Comment se fait-il que je n'ai découvert ce récit d'utilité publique sorti il y a 20 ans qu'à la faveur de la récente commémoration du génocide des Tutsis en 1994 ? Ce livre est compilation d'interviews rangées par thématiques avec des jeunes et moins jeunes qui se sont laissés entraîner dans cette folie collective entretenue pendant des décennies et qui déboucha sur les tueries pour lesquelles ils “débordai[en]t de vie”. (p.68) Il ne s'agit pas ici de voyeurisme malsain, mais d'une tentative menée par
Jean Hatzfeld de comprendre quels ont été les dynamiques mortifères, collectives et individuelles, à l'oeuvre au travers de discussions régulières avec ceux qui à l'époque des entretiens étaient détenus à la prison de Rilima.
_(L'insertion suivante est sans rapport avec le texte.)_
(* Let $A:[0,1]\to\mathbb{R}^{n\times n}$ have entries in $H^1[0,1]$, with weak derivative $A'(s)$, and satisfy: (1) $A(0)=I$, $A(1)=0$; (2) $A(s)$ is positive semi-definite for all $s\in[0,1]$; (3) $\|A(s)\mathbf{x}\|\le\|A(s')\mathbf{x}\|$ for all $\mathbf{x}\in\mathbb{R}^n$ whenever $s\ge s'$; (4) $A$ is continuous on $[0,1]$. For $\mathbf{x}_0,\boldsymbol{\epsilon}\in\mathbb{R}^n$ let $\mathbf{x}_s=A(s)\mathbf{x}_0+(I-A(s))\boldsymbol{\epsilon}$. Then the vector fields $A'(s)A(s)^{\dagger}[\mathbf{x}_s-\boldsymbol{\epsilon}]$ and $A'(s)[\mathbf{x}_0-\boldsymbol{\epsilon}]$ are equal (as functions of $s$, for almost every $s\in[0,1]$), for all $\mathbf{x}_0,\boldsymbol{\epsilon}\in\mathbb{R}^n$; equivalently $A'(s)A(s)^\dagger A(s)=A'(s)$ almost everywhere.
   Context: $H^1[0,1]$ is the Sobolev space of $L^2$ functions on $[0,1]$ with $L^2$ weak derivative; $A'(s)$ is the entrywise weak derivative (defined almost everywhere). $A(s)^\dagger$ denotes the Moore–Penrose pseudo-inverse of $A(s)$. *)

theory Defs
  imports "HOL-Analysis.Analysis"
begin

definition smooth_fun :: "(real \<Rightarrow> real) \<Rightarrow> bool" where
  "smooth_fun \<phi> \<longleftrightarrow> (\<exists>D :: nat \<Rightarrow> real \<Rightarrow> real. D 0 = \<phi> \<and>
      (\<forall>k x. (D k has_real_derivative D (Suc k) x) (at x)))"

definition test_fun :: "real \<Rightarrow> real \<Rightarrow> (real \<Rightarrow> real) \<Rightarrow> bool" where
  "test_fun a b \<phi> \<longleftrightarrow> smooth_fun \<phi> \<and>
      (\<exists>c d. a < c \<and> d < b \<and> (\<forall>x. x \<notin> {c..d} \<longrightarrow> \<phi> x = 0))"

definition L2_on :: "real set \<Rightarrow> (real \<Rightarrow> real) \<Rightarrow> bool" where
  "L2_on S f \<longleftrightarrow> f \<in> borel_measurable (lebesgue_on S) \<and>
      integrable (lebesgue_on S) (\<lambda>x. (f x)\<^sup>2)"

definition weak_deriv_on :: "real \<Rightarrow> real \<Rightarrow> (real \<Rightarrow> real) \<Rightarrow> (real \<Rightarrow> real) \<Rightarrow> bool" where
  "weak_deriv_on a b f g \<longleftrightarrow>
      integrable (lebesgue_on {a..b}) f \<and> integrable (lebesgue_on {a..b}) g \<and>
      (\<forall>\<phi>. test_fun a b \<phi> \<longrightarrow>
         (LINT x|lebesgue_on {a..b}. f x * deriv \<phi> x) = - (LINT x|lebesgue_on {a..b}. g x * \<phi> x))"

definition H1_with_deriv :: "(real \<Rightarrow> real) \<Rightarrow> (real \<Rightarrow> real) \<Rightarrow> bool" where
  "H1_with_deriv f g \<longleftrightarrow> L2_on {0..1} f \<and> L2_on {0..1} g \<and> weak_deriv_on 0 1 f g"

definition pinv :: "real^'n^'n \<Rightarrow> real^'n^'n" where
  "pinv A = (THE X. A ** X ** A = A \<and> X ** A ** X = X \<and>
                    transpose (A ** X) = A ** X \<and> transpose (X ** A) = X ** A)"

definition psd :: "real^'n^'n \<Rightarrow> bool" where
  "psd A \<longleftrightarrow> transpose A = A \<and> (\<forall>x. 0 \<le> x \<bullet> (A *v x))"

end

theory Submission
  imports Defs "HOL-Computational_Algebra.Polynomial" "HOL-Real_Asymp.Real_Asymp"
begin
Du pain et des jeux. Ou plutôt : de l'urwagwa et des coupes. le parallélisme n'est pas exagéré car les Hutus suivis par
Jean Hatzfeld se retrouvent le soir pour célébrer leur journée de massacre, fanfaronner quant à leurs exploits meurtriers de la journée et se répartir les butins amassés durant les pillages. On pourrait penser qu'ils ont passé la journée à jouer à Fortnite avec un casque de réalité augmentée sur la tête. Car pour eux, tout cela semble sans conséquences tellement ils abordent avec détachement ou plutôt avec entrain les massacres. Comme le raconte a posteriori, Pio: “Un génocide, ça se montre bien extraordinaire pour celui qui arrive par après comme vous ; mais pour celui qui s'est fait embrouiller des grands mots des intimidateurs et des cris de joie des collègues, ça se présentait comme une activité habituelle.” (p.259) Jean-Baptiste confirme: “On s'est familiarisés à tuer sans autant tergiverser”. (p.28)
C'était d'autant plus le cas qu'ils étaient animés par la profonde conviction que tout cela n'aurait pas de conséquences néfastes pour eux, étant donné que les épisodes passés de crimes sporadiques envers les Tutsis sont restés impunis. En outre, il n'y avait aucun intellectuel ou ecclésiasistique pour appeler à la modération ou au retour au calme, les écoles et les églises ayant été fermées pendant la durée des massacres. Quant aux témoins internationaux, qu'ils soient diplomates, soldats des Nations Unies, ressortissants étrangers, membres d'ONG, ils avaient abandonné la région, faisant sauter le dernier verrou au déploiement d'une violence totale.
Ce détachement à l'égard des massacres opérés il y a une décennie au moment de l'écriture du livre, se reflète dans leur relation à au pardon. Les tueurs ne prennent pas sérieusement la mesure de ce que le pardon implique du côté du rescapé. le génocidaire “ne comprend pas que, en demandant pardon, il exige un effort extraordinaire de la personne à qui il s'adresse. Il ne perçoit pas son dilemme, son tourment, son courage pour son altruisme. Il ne se rend pas compte que, s'il demande son pardon comme s'il s'agissait d'une formalité, son attitude redouble la douleur puisqu'elle la néglige.” (p.223)
Au final, il apparaît que, même avec le recul, les anciens bourreaux peinent dans leur grande majorité à réaliser la gravité des faits. “C'est le caractère absolu de leur projet qui leur permettait de l'accomplir hier, avec une certaine tranquillité ; c'est son caractère absolu qui leur permet aujourd'hui d'éviter d'en prendre conscience, et de s'en trouver d'une certaine façon troublés.” (p.268)
Tout cela n'est pas de bon augure pour la pacification et la quiétude des esprits.
Dominique Celis traite dans “Ainsi pleurent les hommes” de l'évolution des relations interpersonnelles trente ans après les faits, de l'amnésie et du mutisme plus ou moins acceptés comme remède pour tenter de recoudre avec un fragile fil les liens entre Hutus et Tutsis.
Une “saison de machettes” est donc un livre essentiel que les professeurs d'histoire devraient inciter leurs classes à lire car au-delà de la condamnation, il s'attache à expliquer au moyen d'entretiens de première main, sans pour le moins justifier les atrocités commises.